Rationale: Like Johnson, Davis’ role on this team is critical. Whenever play gets a bit helter skelter with the young guards, he can provide Arkansas a sense of calm and stability. Musselman is counting on it. Davis was largely great offensively on the trip outside of a seven-turnover showing in the finale. He made 15 of 22 attempts inside the arc and brought some flair and swagger to the floor. Davis averaged 4 assists, 3 rebounds and 2.2 steals, as well. With so many other players capable of creating for teammates, I see Davis being a primary beneficiary and increasing his attempts in the midrange, where he has found solid success in his first two seasons.

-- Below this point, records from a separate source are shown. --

(* If $(\mathbb{X},\omega)$ is a $\mathcal{D}$-coalgebra, then $\mathbb{X}$ is a Cartesian differential category with differential combinator $\mathsf{D}^\omega[f]:=\omega(f)_1$.
   Context: Composition in diagrammatic order. A Cartesian left additive category: finite products, hom-sets commutative monoids with $f(g+h)=fg+fh$, $f0=0$, projections additive. A Cartesian differential category: a Cartesian left additive category with a combinator $f:A\to B\mapsto\mathsf{D}[f]:A\times A\to B$ satisfying [CD.1] $\mathsf{D}[f+g]=\mathsf{D}[f]+\mathsf{D}[g]$, $\mathsf{D}[0]=0$; [CD.2] $(1\times(\pi_0+\pi_1))\mathsf{D}[f]=(1\times\pi_0)\mathsf{D}[f]+(1\times\pi_1)\mathsf{D}[f]$, $\langle1,0\rangle\mathsf{D}[f]=0$; [CD.3] $\mathsf{D}[1]=\pi_1$, $\mathsf{D}[\pi_j]=\pi_1\pi_j$; [CD.4] $\mathsf{D}[\langle f,g\rangle]=\langle\mathsf{D}[f],\mathsf{D}[g]\rangle$; [CD.5] $\mathsf{D}[fg]=\langle\pi_0f,\mathsf{D}[f]\rangle\mathsf{D}[g]$; [CD.6] $\ell\mathsf{D}^2[f]=\mathsf{D}[f]$, $\ell=\langle1,0\rangle\times\langle0,1\rangle$; [CD.7] $c\mathsf{D}^2[f]=\mathsf{D}^2[f]$, $c=\langle\langle\pi_0\pi_0,\pi_1\pi_0\rangle,\langle\pi_0\pi_1,\pi_1\pi_1\rangle\rangle$ on $(A\times A)\times(A\times A)$. Let $\mathsf{P}(A)=A\times A$, $\mathsf{P}(f)=f\times f$. A pre-$\mathsf{D}$-sequence $f_\bullet:A\to B$ is $(f_n)$, $f_n:\mathsf{P}^n(A)\to B$; $(h\cdot f_\bullet)_n=\mathsf{P}^n(h)f_n$; $\mathsf{T}(f_\bullet)_n=\langle\mathsf{P}^n(\pi_0)f_n,f_{n+1}\rangle$; $\mathsf{D}[f_\bullet]_n=f_{n+1}$; identity $i_0=1$, $i_n=\pi_1\cdots\pi_1$ ($n$ times); composition $(f_\bullet\ast g_\bullet)_n=\mathsf{T}^n(f_\bullet)_0g_n$; products: projections $i_\bullet\cdot\pi_j$, pairing pointwise; addition pointwise. A $\mathsf{D}$-sequence: pre-$\mathsf{D}$-sequence with, for all $n$ and $C=\mathsf{P}^n(A)$, $\langle1,0\rangle\cdot\mathsf{D}^{n+1}[f_\bullet]=0_\bullet$, $(1\times(\pi_0+\pi_1))\cdot\mathsf{D}^{n+1}[f_\bullet]=(1\times\pi_0)\cdot\mathsf{D}^{n+1}[f_\bullet]+(1\times\pi_1)\cdot\mathsf{D}^{n+1}[f_\bullet]$, $\ell\cdot\mathsf{D}^{n+2}[f_\bullet]=\mathsf{D}^{n+1}[f_\bullet]$, $c\cdot\mathsf{D}^{n+2}[f_\bullet]=\mathsf{D}^{n+2}[f_\bullet]$ (maps for $C$). $\mathcal{D}[\mathbb{X}]$: the category of $\mathsf{D}$-sequences. $\mathcal{D}[\mathsf{F}](f_\bullet)_n=\mathsf{F}(f_n)$; $\varepsilon(f_\bullet)=f_0$; $\delta(f_\bullet)_0=f_\bullet$, $\delta(f_\bullet)_n=\mathsf{D}^n[f_\bullet]$. A $\mathcal{D}$-coalgebra is $(\mathbb{X},\omega)$, $\mathbb{X}$ a Cartesian left additive category, $\omega:\mathbb{X}\to\mathcal{D}[\mathbb{X}]$ a functor preserving finite products strictly and $+,0$, with $\omega\varepsilon=1_{\mathbb{X}}$ and $\omega\delta=\omega\,\mathcal{D}[\omega]$. *)

theory Defs
  imports Main
begin

text \<open>A (concrete, set-based) presentation of a Cartesian left additive category.
  Composition is written in diagrammatic order: cmp f g means "first f, then g".\<close>

record ('o, 'a) cla_struct =
  Ob   :: "'o set"
  Ar   :: "'a set"
  dm   :: "'a \<Rightarrow> 'o"
  cd   :: "'a \<Rightarrow> 'o"
  idm  :: "'o \<Rightarrow> 'a"
  cmp  :: "'a \<Rightarrow> 'a \<Rightarrow> 'a"
  prd  :: "'o \<Rightarrow> 'o \<Rightarrow> 'o"
  trm  :: "'o"
  pr0  :: "'o \<Rightarrow> 'o \<Rightarrow> 'a"
  pr1  :: "'o \<Rightarrow> 'o \<Rightarrow> 'a"
  pair :: "'a \<Rightarrow> 'a \<Rightarrow> 'a"
  bang :: "'o \<Rightarrow> 'a"
  add  :: "'a \<Rightarrow> 'a \<Rightarrow> 'a"
  zer  :: "'o \<Rightarrow> 'o \<Rightarrow> 'a"

definition hom :: "('o, 'a, 'm) cla_struct_scheme \<Rightarrow> 'o \<Rightarrow> 'o \<Rightarrow> 'a set" where
  "hom X A B = {f \<in> Ar X. dm X f = A \<and> cd X f = B}"

definition cla :: "('o, 'a, 'm) cla_struct_scheme \<Rightarrow> bool" where
  "cla X \<longleftrightarrow>
     \<comment> \<open>category\<close>
     (\<forall>f \<in> Ar X. dm X f \<in> Ob X \<and> cd X f \<in> Ob X) \<and>
     (\<forall>A \<in> Ob X. idm X A \<in> hom X A A) \<and>
     (\<forall>A B C f g. f \<in> hom X A B \<and> g \<in> hom X B C \<longrightarrow> cmp X f g \<in> hom X A C) \<and>
     (\<forall>A B C D f g h. f \<in> hom X A B \<and> g \<in> hom X B C \<and> h \<in> hom X C D \<longrightarrow>
        cmp X (cmp X f g) h = cmp X f (cmp X g h)) \<and>
     (\<forall>A B f. f \<in> hom X A B \<longrightarrow> cmp X (idm X A) f = f \<and> cmp X f (idm X B) = f) \<and>
     \<comment> \<open>finite products: terminal object and binary products\<close>
     trm X \<in> Ob X \<and>
     (\<forall>A \<in> Ob X. bang X A \<in> hom X A (trm X) \<and> (\<forall>f \<in> hom X A (trm X). f = bang X A)) \<and>
     (\<forall>A \<in> Ob X. \<forall>B \<in> Ob X. prd X A B \<in> Ob X \<and>
        pr0 X A B \<in> hom X (prd X A B) A \<and> pr1 X A B \<in> hom X (prd X A B) B) \<and>
     (\<forall>A B C f g. A \<in> Ob X \<and> B \<in> Ob X \<and> f \<in> hom X C A \<and> g \<in> hom X C B \<longrightarrow>
        pair X f g \<in> hom X C (prd X A B) \<and>
        cmp X (pair X f g) (pr0 X A B) = f \<and> cmp X (pair X f g) (pr1 X A B) = g) \<and>
     (\<forall>A B C h. A \<in> Ob X \<and> B \<in> Ob X \<and> h \<in> hom X C (prd X A B) \<longrightarrow>
        pair X (cmp X h (pr0 X A B)) (cmp X h (pr1 X A B)) = h) \<and>
     \<comment> \<open>hom-sets are commutative monoids\<close>
     (\<forall>A \<in> Ob X. \<forall>B \<in> Ob X. zer X A B \<in> hom X A B) \<and>
     (\<forall>A B f g. f \<in> hom X A B \<and> g \<in> hom X A B \<longrightarrow> add X f g \<in> hom X A B) \<and>
     (\<forall>A B f g h. f \<in> hom X A B \<and> g \<in> hom X A B \<and> h \<in> hom X A B \<longrightarrow>
        add X (add X f g) h = add X f (add X g h)) \<and>
     (\<forall>A B f g. f \<in> hom X A B \<and> g \<in> hom X A B \<longrightarrow> add X f g = add X g f) \<and>
     (\<forall>A B f. f \<in> hom X A B \<longrightarrow> add X f (zer X A B) = f) \<and>
     \<comment> \<open>left additivity: f(g+h) = fg + fh, f0 = 0\<close>
     (\<forall>A B C f g h. f \<in> hom X A B \<and> g \<in> hom X B C \<and> h \<in> hom X B C \<longrightarrow>
        cmp X f (add X g h) = add X (cmp X f g) (cmp X f h)) \<and>
     (\<forall>A B C f. f \<in> hom X A B \<and> C \<in> Ob X \<longrightarrow> cmp X f (zer X B C) = zer X A C) \<and>
     \<comment> \<open>projections are additive\<close>
     (\<forall>A B C f g. A \<in> Ob X \<and> B \<in> Ob X \<and> f \<in> hom X C (prd X A B) \<and> g \<in> hom X C (prd X A B) \<longrightarrow>
        cmp X (add X f g) (pr0 X A B) = add X (cmp X f (pr0 X A B)) (cmp X g (pr0 X A B)) \<and>
        cmp X (add X f g) (pr1 X A B) = add X (cmp X f (pr1 X A B)) (cmp X g (pr1 X A B))) \<and>
     (\<forall>A B C. A \<in> Ob X \<and> B \<in> Ob X \<and> C \<in> Ob X \<longrightarrow>
        cmp X (zer X C (prd X A B)) (pr0 X A B) = zer X C A \<and>
        cmp X (zer X C (prd X A B)) (pr1 X A B) = zer X C B)"

definition tmap :: "('o, 'a, 'm) cla_struct_scheme \<Rightarrow> 'a \<Rightarrow> 'a \<Rightarrow> 'a" where
  "tmap X f g = pair X (cmp X (pr0 X (dm X f) (dm X g)) f) (cmp X (pr1 X (dm X f) (dm X g)) g)"

fun Pob :: "('o, 'a, 'm) cla_struct_scheme \<Rightarrow> nat \<Rightarrow> 'o \<Rightarrow> 'o" where
  "Pob X 0 A = A"
| "Pob X (Suc n) A = prd X (Pob X n A) (Pob X n A)"

fun Pmap :: "('o, 'a, 'm) cla_struct_scheme \<Rightarrow> nat \<Rightarrow> 'a \<Rightarrow> 'a" where
  "Pmap X 0 h = h"
| "Pmap X (Suc n) h = tmap X (Pmap X n h) (Pmap X n h)"

definition pre_dseq :: "('o, 'a, 'm) cla_struct_scheme \<Rightarrow> 'o \<Rightarrow> 'o \<Rightarrow> (nat \<Rightarrow> 'a) \<Rightarrow> bool" where
  "pre_dseq X A B f \<longleftrightarrow> (\<forall>n. f n \<in> hom X (Pob X n A) B)"

definition act :: "('o, 'a, 'm) cla_struct_scheme \<Rightarrow> 'a \<Rightarrow> (nat \<Rightarrow> 'a) \<Rightarrow> nat \<Rightarrow> 'a" where
  "act X h f = (\<lambda>n. cmp X (Pmap X n h) (f n))"

definition Dpow :: "nat \<Rightarrow> (nat \<Rightarrow> 'a) \<Rightarrow> nat \<Rightarrow> 'a" where
  "Dpow k f = (\<lambda>n. f (k + n))"

definition Tseq :: "('o, 'a, 'm) cla_struct_scheme \<Rightarrow> 'o \<Rightarrow> (nat \<Rightarrow> 'a) \<Rightarrow> nat \<Rightarrow> 'a" where
  "Tseq X A f = (\<lambda>n. pair X (cmp X (Pmap X n (pr0 X A A)) (f n)) (f (Suc n)))"

fun Titer :: "('o, 'a, 'm) cla_struct_scheme \<Rightarrow> 'o \<Rightarrow> nat \<Rightarrow> (nat \<Rightarrow> 'a) \<Rightarrow> nat \<Rightarrow> 'a" where
  "Titer X A 0 f = f"
| "Titer X A (Suc n) f = Tseq X (Pob X n A) (Titer X A n f)"

fun idseq :: "('o, 'a, 'm) cla_struct_scheme \<Rightarrow> 'o \<Rightarrow> nat \<Rightarrow> 'a" where
  "idseq X A 0 = idm X A"
| "idseq X A (Suc n) = cmp X (pr1 X (Pob X n A) (Pob X n A)) (idseq X A n)"

definition compseq :: "('o, 'a, 'm) cla_struct_scheme \<Rightarrow> 'o \<Rightarrow> (nat \<Rightarrow> 'a) \<Rightarrow> (nat \<Rightarrow> 'a) \<Rightarrow> nat \<Rightarrow> 'a" where
  "compseq X A f g = (\<lambda>n. cmp X (Titer X A n f 0) (g n))"

definition zeroseq :: "('o, 'a, 'm) cla_struct_scheme \<Rightarrow> 'o \<Rightarrow> 'o \<Rightarrow> nat \<Rightarrow> 'a" where
  "zeroseq X A B = (\<lambda>n. zer X (Pob X n A) B)"

definition addseq :: "('o, 'a, 'm) cla_struct_scheme \<Rightarrow> (nat \<Rightarrow> 'a) \<Rightarrow> (nat \<Rightarrow> 'a) \<Rightarrow> nat \<Rightarrow> 'a" where
  "addseq X f g = (\<lambda>n. add X (f n) (g n))"

definition pairseq :: "('o, 'a, 'm) cla_struct_scheme \<Rightarrow> (nat \<Rightarrow> 'a) \<Rightarrow> (nat \<Rightarrow> 'a) \<Rightarrow> nat \<Rightarrow> 'a" where
  "pairseq X f g = (\<lambda>n. pair X (f n) (g n))"

definition bangseq :: "('o, 'a, 'm) cla_struct_scheme \<Rightarrow> 'o \<Rightarrow> nat \<Rightarrow> 'a" where
  "bangseq X A = (\<lambda>n. bang X (Pob X n A))"

definition ell :: "('o, 'a, 'm) cla_struct_scheme \<Rightarrow> 'o \<Rightarrow> 'a" where
  "ell X C = tmap X (pair X (idm X C) (zer X C C)) (pair X (zer X C C) (idm X C))"

definition cswap :: "('o, 'a, 'm) cla_struct_scheme \<Rightarrow> 'o \<Rightarrow> 'a" where
  "cswap X C = (let Q = prd X C C;
                    q0 = pr0 X Q Q; q1 = pr1 X Q Q;
                    p0 = pr0 X C C; p1 = pr1 X C C
                in pair X (pair X (cmp X q0 p0) (cmp X q1 p0))
                          (pair X (cmp X q0 p1) (cmp X q1 p1)))"

definition dseq :: "('o, 'a, 'm) cla_struct_scheme \<Rightarrow> 'o \<Rightarrow> 'o \<Rightarrow> (nat \<Rightarrow> 'a) \<Rightarrow> bool" where
  "dseq X A B f \<longleftrightarrow> pre_dseq X A B f \<and>
     (\<forall>n. let C = Pob X n A in
        act X (pair X (idm X C) (zer X C C)) (Dpow (Suc n) f) = zeroseq X C B \<and>
        act X (tmap X (idm X C) (add X (pr0 X C C) (pr1 X C C))) (Dpow (Suc n) f) =
          addseq X (act X (tmap X (idm X C) (pr0 X C C)) (Dpow (Suc n) f))
                   (act X (tmap X (idm X C) (pr1 X C C)) (Dpow (Suc n) f)) \<and>
        act X (ell X C) (Dpow (Suc (Suc n)) f) = Dpow (Suc n) f \<and>
        act X (cswap X C) (Dpow (Suc (Suc n)) f) = Dpow (Suc (Suc n)) f)"

text \<open>The functor \<omega> is the identity on objects (forced by
  \<omega>\<varepsilon> = 1, since \<varepsilon> is the identity on objects); on arrows it sends f : A \<rightarrow> B
  to a D-sequence \<omega> f : A \<rightarrow> B.\<close>
definition D_coalgebra :: "('o, 'a, 'm) cla_struct_scheme \<Rightarrow> ('a \<Rightarrow> nat \<Rightarrow> 'a) \<Rightarrow> bool" where
  "D_coalgebra X \<omega> \<longleftrightarrow> cla X \<and>
     \<comment> \<open>\<omega> lands in D[X]\<close>
     (\<forall>A B f. f \<in> hom X A B \<longrightarrow> dseq X A B (\<omega> f)) \<and>
     \<comment> \<open>functoriality\<close>
     (\<forall>A \<in> Ob X. \<omega> (idm X A) = idseq X A) \<and>
     (\<forall>A B C f g. f \<in> hom X A B \<and> g \<in> hom X B C \<longrightarrow>
        \<omega> (cmp X f g) = compseq X A (\<omega> f) (\<omega> g)) \<and>
     \<comment> \<open>strict preservation of finite products\<close>
     (\<forall>A \<in> Ob X. \<omega> (bang X A) = bangseq X A) \<and>
     (\<forall>A \<in> Ob X. \<forall>B \<in> Ob X.
        \<omega> (pr0 X A B) = act X (pr0 X A B) (idseq X A) \<and>
        \<omega> (pr1 X A B) = act X (pr1 X A B) (idseq X B)) \<and>
     (\<forall>A B C f g. A \<in> Ob X \<and> B \<in> Ob X \<and> f \<in> hom X C A \<and> g \<in> hom X C B \<longrightarrow>
        \<omega> (pair X f g) = pairseq X (\<omega> f) (\<omega> g)) \<and>
     \<comment> \<open>preservation of + and 0\<close>
     (\<forall>A B f g. f \<in> hom X A B \<and> g \<in> hom X A B \<longrightarrow> \<omega> (add X f g) = addseq X (\<omega> f) (\<omega> g)) \<and>
     (\<forall>A \<in> Ob X. \<forall>B \<in> Ob X. \<omega> (zer X A B) = zeroseq X A B) \<and>
     \<comment> \<open>\<omega>\<varepsilon> = 1\<close>
     (\<forall>f \<in> Ar X. \<omega> f 0 = f) \<and>
     \<comment> \<open>\<omega>\<delta> = \<omega> D[\<omega>]: \<delta>(\<omega> f)_n = D^n[\<omega> f] and D[\<omega>](\<omega> f)_n = \<omega>((\<omega> f)_n)\<close>
     (\<forall>f \<in> Ar X. \<forall>n. \<omega> (\<omega> f n) = Dpow n (\<omega> f))"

• Barry Dunning | Fr. | 6-6 | 210

Rationale: If you listen closely during Musselman’s press conferences, he will at times drop a subtle line or two about a player into a response even if that particular player was not the subject of the question posed. When that happens, it is telling. Prior to Arkansas’ tour, Dunning, according to Musselman, was a newcomer who several former Razorbacks stated they enjoyed playing with in pick-up games. If you are easy to play with, you are often easy for coaches to play. Dunning’s motor, understanding of his role and willingness to do what is asked of him has pushed him into a position to play early. He helped himself a great deal in the exhibitions and gained the trust of teammates and the coaching staff. Dunning was 12 of 14 in the lane, knocked down a corner three and impressed me with his knowledge of shot selection. He misfired on three other jumpers, which is a small sample, but each was high quality. He attacked close-outs on a pair of pull-ups and looked comfortable stepping into midrange looks. I think comfortable is a fair assessment of Dunning’s run overseas.

Fighting for minutes

These players currently have ground to make up to crack the rotation.

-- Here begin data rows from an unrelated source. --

(* Let $\eta_1,\dots,\eta_r\in\mathbb{R}$ be pairwise distinct, let $q_1,\dots,q_r$ be real nonzero polynomials with $\deg q_j=\sigma_j-1$, and let $\gamma=\sigma_1+\dots+\sigma_r$. Let $h:\mathbb{R}\to\mathbb{R}$ be a function with $h\in C^{\gamma-2}(\mathbb{R})$, $h^{(\gamma-2)}$ absolutely continuous, $h(x+1)=-h(x)$ for all $x\in\mathbb{R}$, and $$h(x)=\sum_{j=1}^r q_j(x)e^{\eta_j x},\qquad x\in[0,1).$$ Then there exists $x_0\in\mathbb{R}$ such that $h$ is monotone on each interval $[x_0+k,x_0+k+1)$, $k\in\mathbb{Z}$. *)

theory Defs
  imports "HOL-Analysis.Analysis" "HOL-Computational_Algebra.Polynomial"
begin

definition abs_continuous_on :: "real set \<Rightarrow> (real \<Rightarrow> real) \<Rightarrow> bool" where
  "abs_continuous_on S f \<longleftrightarrow>
     (\<forall>\<epsilon>>0. \<exists>\<delta>>0. \<forall>(n::nat) (a::nat \<Rightarrow> real) (b::nat \<Rightarrow> real).
        (\<forall>i<n. a i \<le> b i \<and> {a i..b i} \<subseteq> S) \<and>
        (\<forall>i<n. \<forall>j<n. i \<noteq> j \<longrightarrow> b i \<le> a j \<or> b j \<le> a i) \<and>
        (\<Sum>i<n. b i - a i) < \<delta>
        \<longrightarrow> (\<Sum>i<n. \<bar>f (b i) - f (a i)\<bar>) < \<epsilon>)"

definition abs_continuous_real :: "(real \<Rightarrow> real) \<Rightarrow> bool" where
  "abs_continuous_real f \<longleftrightarrow> (\<forall>a b. abs_continuous_on {a..b} f)"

• Makhi Mitchell | Sr. | 6-9 | 230

• Makhel Mitchell | Sr. | 6-10 | 245

Rationale: In the initial rotation projection earlier this summer, I stated a belief that at least one of the twins would make a consistent impact. I just wasn’t sure who. My impressions of them changed a bit for the better after taking in a couple of summer workouts. Both guys were physical, held their ground well defending post touches and could be deterrents at the rim. As a plus, they are both fluid runners of the floor. In Europe, Makhi and Makhel flashed a couple of times, but neither sustained a high level of play or imposed his will on the opposition. They combined to average 5 points, 3.5 rebounds and 1.1 blocks per exhibition. That’s not exactly promising, but it is only August. I don’t believe it to be fair to write off players well before the season begins, but they definitely need to show better in September and October practices to secure playing time. 

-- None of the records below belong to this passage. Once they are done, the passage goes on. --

text \<open>Real analyticity at 0 (on the right half-neighbourhood [0,r), which for power
  series is equivalent to a two-sided neighbourhood).\<close>
definition analytic_at0 :: "(real \<Rightarrow> real) \<Rightarrow> bool" where
  "analytic_at0 f \<longleftrightarrow> (\<exists>r>0. \<exists>c. \<forall>x. 0 \<le> x \<and> x < r \<longrightarrow> (\<lambda>n. c n * x ^ n) sums f x)"

definition Delta_sub :: "('b \<Rightarrow> 'a) \<Rightarrow> real^'b^'b \<Rightarrow> 'a \<Rightarrow> real^'b^'b" where
  "Delta_sub Phi M a = (\<chi> i j. if Phi j = a then M $ i $ j else 0)"

definition normally_parameterized :: "('b \<Rightarrow> 'a) \<Rightarrow> (real \<Rightarrow> real^'b^'b) \<Rightarrow> bool" where
  "normally_parameterized Phi Delta \<longleftrightarrow>
     (\<forall>i j. analytic_at0 (\<lambda>e. Delta e $ i $ j)) \<and>
     (\<forall>e>0. nonneg_matrix (Delta e) \<and> irreducible_matrix (Delta e)) \<and>
     (\<forall>a. Delta_sub Phi (Delta 0) a = 0 \<or> rank (Delta_sub Phi (Delta 0) a) = 1)"

definition stationary_dist :: "real^'b^'b \<Rightarrow> real^'b \<Rightarrow> bool" where
  "stationary_dist M p \<longleftrightarrow> (\<forall>i. p $ i \<ge> 0) \<and> (\<Sum>i\<in>UNIV. p $ i) = 1 \<and>
     (\<forall>j. (\<Sum>i\<in>UNIV. p $ i * M $ i $ j) = p $ j)"

fun path_weight :: "real^'b^'b \<Rightarrow> 'b \<Rightarrow> 'b list \<Rightarrow> real" where
  "path_weight M y [] = 1"
| "path_weight M y (x # xs) = M $ y $ x * path_weight M x xs"

text \<open>P(Y_{-l+1}^0 = ys) for the stationary chain (ys in time order).\<close>
definition prob_Y :: "real^'b \<Rightarrow> real^'b^'b \<Rightarrow> 'b list \<Rightarrow> real" where
  "prob_Y p M ys = (case ys of [] \<Rightarrow> 1 | y # rest \<Rightarrow> p $ y * path_weight M y rest)"

text \<open>P(Z_{-l+1}^0 = zs), Z = Phi(Y).\<close>
definition prob_Z :: "('b \<Rightarrow> 'a) \<Rightarrow> real^'b \<Rightarrow> real^'b^'b \<Rightarrow> 'a list \<Rightarrow> real" where
  "prob_Z Phi p M zs = (\<Sum>ys\<in>{ys. map Phi ys = zs}. prob_Y p M ys)"

text \<open>P(Y_{-l} = y, Z_{-l+1}^0 = zs).\<close>
definition prob_YZ :: "('b \<Rightarrow> 'a) \<Rightarrow> real^'b \<Rightarrow> real^'b^'b \<Rightarrow> 'b \<Rightarrow> 'a list \<Rightarrow> real" where
  "prob_YZ Phi p M y zs = (\<Sum>ys\<in>{ys. map Phi ys = zs}. prob_Y p M (y # ys))"

definition taylor_coeffs :: "(real \<Rightarrow> real) \<Rightarrow> nat \<Rightarrow> real" where
  "taylor_coeffs f = (THE c. \<exists>r>0. \<forall>x. 0 < x \<and> x < r \<longrightarrow> (\<lambda>n. c n * x ^ n) sums f x)"

definition ord0 :: "(real \<Rightarrow> real) \<Rightarrow> enat" where
  "ord0 f = (if \<exists>n. taylor_coeffs f n \<noteq> 0
             then enat (LEAST n. taylor_coeffs f n \<noteq> 0) else \<infinity>)"

end

theory Submission
  imports Defs
begin

text \<open>All quantities are power series in \<epsilon> at 0: the transition probabilities by assumption, the
  stationary distribution by Cramer's rule, and hence the forward vectors x \<Delta>_a1 \<cdots> \<Delta>_al
  and their masses, which are the path probabilities. The rank-one condition on \<Delta>_a(0) makes
  every 2\<times>2 minor of \<Delta>_a vanish at \<epsilon> = 0, so by Cauchy-Binet each step multiplies the cross
  products X_i Y_j - X_j Y_i of two forward vectors by one more power of \<epsilon>. After the common
  window of length n, the difference of the conditional probabilities of the next symbol, times
  the two window probabilities, is therefore a combination of cross products of high order; by
  nonnegativity no coordinate of a forward vector has lower order than its mass. Since the window
  probabilities exceed the starting masses by order at most k, the two conditional probabilities
  agree to order n - 2k, which is more than the claimed n - 4k - 1.\<close>

no_notation fps_nth (infixl \<open>$\<close> 75)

• Jalen Graham | Sr. | 6-9 | 220

Rationale: I was as high as anyone on Graham after he signed with the Razorbacks following a successful last season at Arizona State. I found him to be an intriguing pickup as a rangy forward with great versatility who could score in unique ways, according to those who covered him. Among the transfers, he had star potential, in my opinion. Plain and simple, to this point, we have not seen anything from Graham resembling the play that made him an All-Pac-12 selection last season. He is said to be a talented scorer on the block and in the mid-post, but I haven’t seen much comfortability from him in those areas. Graham is not a threat to consistently beat teams from the perimeter and, with the ball in his hands, physicality from opposing bigs seems to get him out of sync. He averaged 2 points per exhibition overseas and was 4 of 12 shooting, all inside the arc. Graham has some work to do in the coming months.

• Derrian Ford | Fr. | 6-3 | 210

• Joseph Pinion | Fr. | 6-6 | 185

Rationale: Ford may be slightly ahead of Pinion in the pecking order following the tour. I think both players need time to grow accustomed to the speed of the game at the college level. The nerves of that first action in college were evident in Europe through some turnovers and fumbling of passes. Ford and Pinion both have terrific long-term prospects. It is just difficult to envision many minutes for them this season with the abundance of talent at the guard spots.